[ACTION ITEM]
Could you filter the listing for lines with the word "Lfun" and return them?

== SUPPLIED ENTRIES

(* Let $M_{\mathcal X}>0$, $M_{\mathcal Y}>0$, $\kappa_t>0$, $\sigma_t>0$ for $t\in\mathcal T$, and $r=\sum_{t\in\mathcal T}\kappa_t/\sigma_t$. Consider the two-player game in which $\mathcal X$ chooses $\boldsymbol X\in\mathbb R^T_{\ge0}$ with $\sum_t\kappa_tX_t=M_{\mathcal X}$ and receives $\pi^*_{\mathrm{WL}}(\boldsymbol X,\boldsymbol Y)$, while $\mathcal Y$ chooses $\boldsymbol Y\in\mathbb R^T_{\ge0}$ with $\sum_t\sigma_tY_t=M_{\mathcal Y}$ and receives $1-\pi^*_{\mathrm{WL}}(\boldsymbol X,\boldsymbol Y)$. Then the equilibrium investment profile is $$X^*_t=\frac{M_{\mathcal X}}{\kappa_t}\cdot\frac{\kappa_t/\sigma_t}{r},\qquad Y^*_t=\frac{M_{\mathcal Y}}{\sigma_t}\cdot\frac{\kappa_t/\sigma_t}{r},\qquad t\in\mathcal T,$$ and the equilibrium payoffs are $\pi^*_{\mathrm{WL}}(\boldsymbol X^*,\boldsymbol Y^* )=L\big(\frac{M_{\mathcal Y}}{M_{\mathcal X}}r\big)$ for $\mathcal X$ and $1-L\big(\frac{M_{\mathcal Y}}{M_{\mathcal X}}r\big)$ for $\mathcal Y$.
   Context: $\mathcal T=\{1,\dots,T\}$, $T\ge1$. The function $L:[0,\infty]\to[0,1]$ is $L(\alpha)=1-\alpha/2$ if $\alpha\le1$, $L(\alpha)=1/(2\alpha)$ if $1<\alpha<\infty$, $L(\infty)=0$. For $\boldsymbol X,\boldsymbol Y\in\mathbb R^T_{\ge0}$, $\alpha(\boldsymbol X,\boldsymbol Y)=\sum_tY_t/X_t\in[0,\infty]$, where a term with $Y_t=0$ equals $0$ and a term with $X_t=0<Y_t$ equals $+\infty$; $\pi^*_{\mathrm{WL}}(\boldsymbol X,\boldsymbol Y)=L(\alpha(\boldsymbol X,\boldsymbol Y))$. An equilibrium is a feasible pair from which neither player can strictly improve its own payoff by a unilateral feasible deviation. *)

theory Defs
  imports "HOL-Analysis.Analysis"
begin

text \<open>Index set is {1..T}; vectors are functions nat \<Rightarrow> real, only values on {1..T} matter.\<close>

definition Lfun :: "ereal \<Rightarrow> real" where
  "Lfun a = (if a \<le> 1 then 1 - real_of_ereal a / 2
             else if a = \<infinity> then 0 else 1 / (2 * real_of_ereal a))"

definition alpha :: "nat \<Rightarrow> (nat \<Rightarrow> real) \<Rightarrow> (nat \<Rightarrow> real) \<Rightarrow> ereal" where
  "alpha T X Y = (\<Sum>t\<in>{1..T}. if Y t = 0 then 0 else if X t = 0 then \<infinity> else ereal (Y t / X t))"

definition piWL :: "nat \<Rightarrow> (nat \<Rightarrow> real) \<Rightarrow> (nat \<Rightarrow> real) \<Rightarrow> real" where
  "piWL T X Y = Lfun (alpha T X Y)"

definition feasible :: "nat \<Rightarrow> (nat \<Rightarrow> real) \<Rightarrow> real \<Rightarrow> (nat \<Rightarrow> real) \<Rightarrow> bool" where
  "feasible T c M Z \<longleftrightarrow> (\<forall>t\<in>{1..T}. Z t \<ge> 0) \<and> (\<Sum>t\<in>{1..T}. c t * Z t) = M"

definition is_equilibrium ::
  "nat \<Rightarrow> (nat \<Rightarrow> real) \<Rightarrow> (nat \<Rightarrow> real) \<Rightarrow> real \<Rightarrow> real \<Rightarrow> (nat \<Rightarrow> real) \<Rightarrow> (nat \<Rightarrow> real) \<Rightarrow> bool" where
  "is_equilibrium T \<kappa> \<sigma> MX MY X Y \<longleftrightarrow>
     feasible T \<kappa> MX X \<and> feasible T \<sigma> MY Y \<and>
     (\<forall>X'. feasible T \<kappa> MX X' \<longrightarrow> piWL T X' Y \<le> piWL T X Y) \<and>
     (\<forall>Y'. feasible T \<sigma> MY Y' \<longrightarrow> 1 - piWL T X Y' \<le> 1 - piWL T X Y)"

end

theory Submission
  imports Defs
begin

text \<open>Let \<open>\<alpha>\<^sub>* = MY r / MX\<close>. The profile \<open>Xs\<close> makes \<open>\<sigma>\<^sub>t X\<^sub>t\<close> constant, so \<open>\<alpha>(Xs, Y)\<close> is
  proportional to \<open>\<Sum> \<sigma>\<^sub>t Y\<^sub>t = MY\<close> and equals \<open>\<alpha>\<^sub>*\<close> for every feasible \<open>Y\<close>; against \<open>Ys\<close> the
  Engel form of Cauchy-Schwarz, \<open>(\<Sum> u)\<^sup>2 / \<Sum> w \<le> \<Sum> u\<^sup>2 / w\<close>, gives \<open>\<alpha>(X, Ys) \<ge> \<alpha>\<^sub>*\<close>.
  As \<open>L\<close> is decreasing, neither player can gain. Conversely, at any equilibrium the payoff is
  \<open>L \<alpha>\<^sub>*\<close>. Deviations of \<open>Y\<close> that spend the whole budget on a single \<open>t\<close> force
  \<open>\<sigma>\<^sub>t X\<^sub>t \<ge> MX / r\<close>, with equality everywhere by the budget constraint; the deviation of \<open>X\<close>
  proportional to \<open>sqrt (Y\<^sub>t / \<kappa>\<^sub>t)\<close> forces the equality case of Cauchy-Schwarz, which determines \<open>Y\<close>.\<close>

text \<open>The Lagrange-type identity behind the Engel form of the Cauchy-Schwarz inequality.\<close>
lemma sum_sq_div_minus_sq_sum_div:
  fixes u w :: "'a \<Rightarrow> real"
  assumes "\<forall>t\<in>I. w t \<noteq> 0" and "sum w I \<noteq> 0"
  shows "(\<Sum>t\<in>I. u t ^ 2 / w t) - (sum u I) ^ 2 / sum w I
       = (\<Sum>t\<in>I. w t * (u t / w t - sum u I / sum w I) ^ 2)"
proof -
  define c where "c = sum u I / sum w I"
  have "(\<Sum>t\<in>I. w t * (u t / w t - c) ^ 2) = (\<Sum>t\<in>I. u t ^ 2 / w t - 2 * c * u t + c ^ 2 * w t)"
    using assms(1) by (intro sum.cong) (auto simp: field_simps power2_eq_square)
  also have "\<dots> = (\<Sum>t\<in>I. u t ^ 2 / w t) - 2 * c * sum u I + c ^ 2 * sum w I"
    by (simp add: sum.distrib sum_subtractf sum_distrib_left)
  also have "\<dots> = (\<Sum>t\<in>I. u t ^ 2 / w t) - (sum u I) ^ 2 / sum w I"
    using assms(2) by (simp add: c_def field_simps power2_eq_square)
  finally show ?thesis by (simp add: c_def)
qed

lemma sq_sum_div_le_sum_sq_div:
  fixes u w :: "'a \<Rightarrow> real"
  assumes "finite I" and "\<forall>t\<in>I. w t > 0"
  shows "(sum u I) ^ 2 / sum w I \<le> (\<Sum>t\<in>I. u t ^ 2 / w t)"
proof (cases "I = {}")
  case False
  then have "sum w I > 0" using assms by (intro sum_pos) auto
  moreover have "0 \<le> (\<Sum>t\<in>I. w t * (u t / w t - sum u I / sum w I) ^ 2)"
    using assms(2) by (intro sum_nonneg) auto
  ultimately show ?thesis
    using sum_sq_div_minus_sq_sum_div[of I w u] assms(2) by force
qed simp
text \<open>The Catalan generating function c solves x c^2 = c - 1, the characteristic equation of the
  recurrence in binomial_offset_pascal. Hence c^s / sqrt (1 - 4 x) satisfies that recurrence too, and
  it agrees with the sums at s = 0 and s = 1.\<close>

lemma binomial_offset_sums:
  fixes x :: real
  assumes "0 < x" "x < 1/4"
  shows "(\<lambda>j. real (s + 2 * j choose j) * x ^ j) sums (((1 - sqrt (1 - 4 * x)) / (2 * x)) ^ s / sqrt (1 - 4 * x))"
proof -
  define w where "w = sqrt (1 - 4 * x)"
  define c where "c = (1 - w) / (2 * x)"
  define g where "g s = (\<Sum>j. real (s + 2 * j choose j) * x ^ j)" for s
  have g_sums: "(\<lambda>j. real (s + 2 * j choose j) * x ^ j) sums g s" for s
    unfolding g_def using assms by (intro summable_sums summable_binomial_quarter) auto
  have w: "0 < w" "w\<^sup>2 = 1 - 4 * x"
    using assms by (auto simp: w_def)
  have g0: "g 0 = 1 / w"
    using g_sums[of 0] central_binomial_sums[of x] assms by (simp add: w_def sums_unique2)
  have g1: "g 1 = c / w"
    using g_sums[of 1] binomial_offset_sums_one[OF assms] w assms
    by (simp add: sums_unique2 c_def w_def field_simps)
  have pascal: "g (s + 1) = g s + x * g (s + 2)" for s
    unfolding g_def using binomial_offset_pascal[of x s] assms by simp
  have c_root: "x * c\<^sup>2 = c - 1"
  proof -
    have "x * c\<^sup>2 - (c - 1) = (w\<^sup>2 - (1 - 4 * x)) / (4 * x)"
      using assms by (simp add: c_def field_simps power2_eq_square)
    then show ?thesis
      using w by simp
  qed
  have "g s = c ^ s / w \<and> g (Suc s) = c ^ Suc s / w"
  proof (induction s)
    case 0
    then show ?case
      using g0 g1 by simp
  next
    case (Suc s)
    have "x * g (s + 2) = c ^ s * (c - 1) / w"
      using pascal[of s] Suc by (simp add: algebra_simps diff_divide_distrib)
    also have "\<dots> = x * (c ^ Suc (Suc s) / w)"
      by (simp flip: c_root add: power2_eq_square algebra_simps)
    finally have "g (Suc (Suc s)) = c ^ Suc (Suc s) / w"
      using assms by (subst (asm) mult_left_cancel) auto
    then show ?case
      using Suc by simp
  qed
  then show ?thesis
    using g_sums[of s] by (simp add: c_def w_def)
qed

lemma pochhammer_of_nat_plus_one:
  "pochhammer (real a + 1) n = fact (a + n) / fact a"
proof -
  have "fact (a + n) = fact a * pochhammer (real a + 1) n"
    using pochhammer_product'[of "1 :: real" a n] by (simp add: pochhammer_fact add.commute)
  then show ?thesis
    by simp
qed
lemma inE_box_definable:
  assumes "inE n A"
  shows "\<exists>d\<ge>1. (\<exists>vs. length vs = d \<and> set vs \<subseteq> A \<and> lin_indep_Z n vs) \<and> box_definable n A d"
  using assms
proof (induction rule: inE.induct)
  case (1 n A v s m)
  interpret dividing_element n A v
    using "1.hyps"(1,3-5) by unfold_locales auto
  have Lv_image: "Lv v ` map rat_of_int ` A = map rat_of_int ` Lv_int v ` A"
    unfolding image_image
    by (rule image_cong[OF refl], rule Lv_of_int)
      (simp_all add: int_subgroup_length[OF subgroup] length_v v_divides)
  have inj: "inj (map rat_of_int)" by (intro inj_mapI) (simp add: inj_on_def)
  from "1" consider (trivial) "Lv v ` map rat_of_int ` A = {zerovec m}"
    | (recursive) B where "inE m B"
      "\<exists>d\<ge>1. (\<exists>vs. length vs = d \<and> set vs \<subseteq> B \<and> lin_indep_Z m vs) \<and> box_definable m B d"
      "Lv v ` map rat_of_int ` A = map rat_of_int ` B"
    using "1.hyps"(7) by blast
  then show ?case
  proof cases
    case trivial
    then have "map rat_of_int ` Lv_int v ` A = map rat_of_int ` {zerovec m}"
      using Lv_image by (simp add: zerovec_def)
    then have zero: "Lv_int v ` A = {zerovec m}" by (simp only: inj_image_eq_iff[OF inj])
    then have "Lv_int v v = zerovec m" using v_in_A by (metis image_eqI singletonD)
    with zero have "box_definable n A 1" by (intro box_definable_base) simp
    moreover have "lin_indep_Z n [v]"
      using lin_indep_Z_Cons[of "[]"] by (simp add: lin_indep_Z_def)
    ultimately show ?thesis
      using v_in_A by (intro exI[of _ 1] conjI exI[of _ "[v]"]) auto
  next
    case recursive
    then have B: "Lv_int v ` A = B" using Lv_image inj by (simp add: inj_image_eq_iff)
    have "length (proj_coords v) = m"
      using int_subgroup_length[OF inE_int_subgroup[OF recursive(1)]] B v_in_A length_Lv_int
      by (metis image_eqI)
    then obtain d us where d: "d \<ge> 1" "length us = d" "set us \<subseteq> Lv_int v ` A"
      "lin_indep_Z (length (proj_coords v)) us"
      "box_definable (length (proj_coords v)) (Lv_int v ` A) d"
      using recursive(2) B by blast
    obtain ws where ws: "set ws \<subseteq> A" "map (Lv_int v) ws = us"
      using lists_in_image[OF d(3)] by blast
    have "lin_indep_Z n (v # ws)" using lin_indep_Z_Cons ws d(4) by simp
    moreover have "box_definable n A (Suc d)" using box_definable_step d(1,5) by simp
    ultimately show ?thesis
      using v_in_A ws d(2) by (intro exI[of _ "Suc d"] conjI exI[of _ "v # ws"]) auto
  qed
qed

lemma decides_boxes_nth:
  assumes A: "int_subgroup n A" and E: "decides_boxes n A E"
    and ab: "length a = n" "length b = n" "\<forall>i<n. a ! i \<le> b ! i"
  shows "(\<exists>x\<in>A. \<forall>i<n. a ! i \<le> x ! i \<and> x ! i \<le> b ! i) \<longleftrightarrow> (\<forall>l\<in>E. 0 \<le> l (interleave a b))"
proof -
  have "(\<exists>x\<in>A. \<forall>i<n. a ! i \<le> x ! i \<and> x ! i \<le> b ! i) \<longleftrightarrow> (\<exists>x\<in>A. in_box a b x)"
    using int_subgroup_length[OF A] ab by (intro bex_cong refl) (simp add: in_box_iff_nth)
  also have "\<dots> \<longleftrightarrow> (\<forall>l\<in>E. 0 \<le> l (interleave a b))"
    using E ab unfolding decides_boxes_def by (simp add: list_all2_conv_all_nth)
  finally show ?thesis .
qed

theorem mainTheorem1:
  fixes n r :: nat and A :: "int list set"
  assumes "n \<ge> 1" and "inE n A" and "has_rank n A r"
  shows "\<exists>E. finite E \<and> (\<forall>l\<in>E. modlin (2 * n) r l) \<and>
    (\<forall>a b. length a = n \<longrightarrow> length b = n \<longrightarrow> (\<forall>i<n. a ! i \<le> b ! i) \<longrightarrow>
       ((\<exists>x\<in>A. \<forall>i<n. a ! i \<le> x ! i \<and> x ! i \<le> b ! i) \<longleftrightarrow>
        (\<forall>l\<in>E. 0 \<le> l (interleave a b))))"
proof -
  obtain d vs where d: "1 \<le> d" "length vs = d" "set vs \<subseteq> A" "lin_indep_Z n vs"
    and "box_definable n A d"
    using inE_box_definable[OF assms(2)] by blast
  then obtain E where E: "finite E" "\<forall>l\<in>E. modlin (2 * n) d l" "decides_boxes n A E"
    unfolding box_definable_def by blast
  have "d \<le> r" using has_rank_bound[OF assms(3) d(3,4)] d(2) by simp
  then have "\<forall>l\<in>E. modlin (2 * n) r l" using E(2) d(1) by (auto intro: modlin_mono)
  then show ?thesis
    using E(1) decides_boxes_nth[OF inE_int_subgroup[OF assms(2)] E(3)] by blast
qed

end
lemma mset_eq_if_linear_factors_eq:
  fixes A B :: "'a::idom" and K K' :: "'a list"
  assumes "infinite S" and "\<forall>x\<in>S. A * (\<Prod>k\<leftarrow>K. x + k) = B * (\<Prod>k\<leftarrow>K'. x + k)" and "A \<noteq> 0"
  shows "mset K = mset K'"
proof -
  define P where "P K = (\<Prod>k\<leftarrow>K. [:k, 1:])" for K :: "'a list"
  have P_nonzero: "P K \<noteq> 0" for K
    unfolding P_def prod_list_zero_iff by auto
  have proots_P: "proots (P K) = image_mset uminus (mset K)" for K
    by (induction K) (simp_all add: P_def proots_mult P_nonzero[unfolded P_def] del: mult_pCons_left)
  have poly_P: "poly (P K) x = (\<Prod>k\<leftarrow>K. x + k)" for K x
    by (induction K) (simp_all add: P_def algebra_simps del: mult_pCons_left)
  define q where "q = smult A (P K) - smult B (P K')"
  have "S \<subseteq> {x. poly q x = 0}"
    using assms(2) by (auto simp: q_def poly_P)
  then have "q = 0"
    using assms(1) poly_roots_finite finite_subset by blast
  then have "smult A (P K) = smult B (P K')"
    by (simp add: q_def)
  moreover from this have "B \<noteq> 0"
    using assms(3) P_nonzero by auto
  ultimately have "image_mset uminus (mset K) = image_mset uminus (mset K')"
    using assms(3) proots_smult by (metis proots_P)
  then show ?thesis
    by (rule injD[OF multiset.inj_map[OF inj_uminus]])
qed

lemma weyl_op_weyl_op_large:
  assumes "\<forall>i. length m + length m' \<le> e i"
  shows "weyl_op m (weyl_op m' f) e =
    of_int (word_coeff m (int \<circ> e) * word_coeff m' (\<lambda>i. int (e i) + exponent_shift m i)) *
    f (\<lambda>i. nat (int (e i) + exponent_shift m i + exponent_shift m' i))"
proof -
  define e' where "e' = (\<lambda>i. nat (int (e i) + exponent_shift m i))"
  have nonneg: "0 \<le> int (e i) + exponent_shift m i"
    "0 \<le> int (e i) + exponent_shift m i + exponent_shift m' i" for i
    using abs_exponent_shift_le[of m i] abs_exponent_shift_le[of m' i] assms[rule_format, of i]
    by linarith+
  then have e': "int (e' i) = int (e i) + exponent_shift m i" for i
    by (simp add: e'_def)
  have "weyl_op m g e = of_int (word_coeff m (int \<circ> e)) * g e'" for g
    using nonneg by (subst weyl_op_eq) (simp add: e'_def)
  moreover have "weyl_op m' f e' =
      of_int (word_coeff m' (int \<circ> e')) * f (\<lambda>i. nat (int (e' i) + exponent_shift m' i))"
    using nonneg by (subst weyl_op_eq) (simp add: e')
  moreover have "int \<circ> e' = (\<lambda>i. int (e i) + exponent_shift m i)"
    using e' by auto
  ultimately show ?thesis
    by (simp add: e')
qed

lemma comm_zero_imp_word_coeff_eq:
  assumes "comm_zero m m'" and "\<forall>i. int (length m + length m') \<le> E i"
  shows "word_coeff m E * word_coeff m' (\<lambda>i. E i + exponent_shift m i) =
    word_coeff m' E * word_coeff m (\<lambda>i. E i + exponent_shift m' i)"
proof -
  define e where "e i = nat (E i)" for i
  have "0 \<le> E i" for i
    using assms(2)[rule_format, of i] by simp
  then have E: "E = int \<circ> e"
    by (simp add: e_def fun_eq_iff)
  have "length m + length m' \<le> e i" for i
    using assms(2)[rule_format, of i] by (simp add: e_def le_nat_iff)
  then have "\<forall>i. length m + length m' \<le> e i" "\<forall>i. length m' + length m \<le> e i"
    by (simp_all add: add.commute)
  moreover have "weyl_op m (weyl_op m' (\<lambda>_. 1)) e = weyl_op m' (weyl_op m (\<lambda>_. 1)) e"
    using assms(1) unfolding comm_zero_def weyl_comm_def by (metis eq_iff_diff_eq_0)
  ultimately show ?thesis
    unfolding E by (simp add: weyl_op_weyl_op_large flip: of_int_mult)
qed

====

[ANSWER FOR THIS EXERCISE]
definition Lfun :: "ereal \<Rightarrow> real" where
  "Lfun a = (if a \<le> 1 then 1 - real_of_ereal a / 2
  "piWL T X Y = Lfun (alpha T X Y)"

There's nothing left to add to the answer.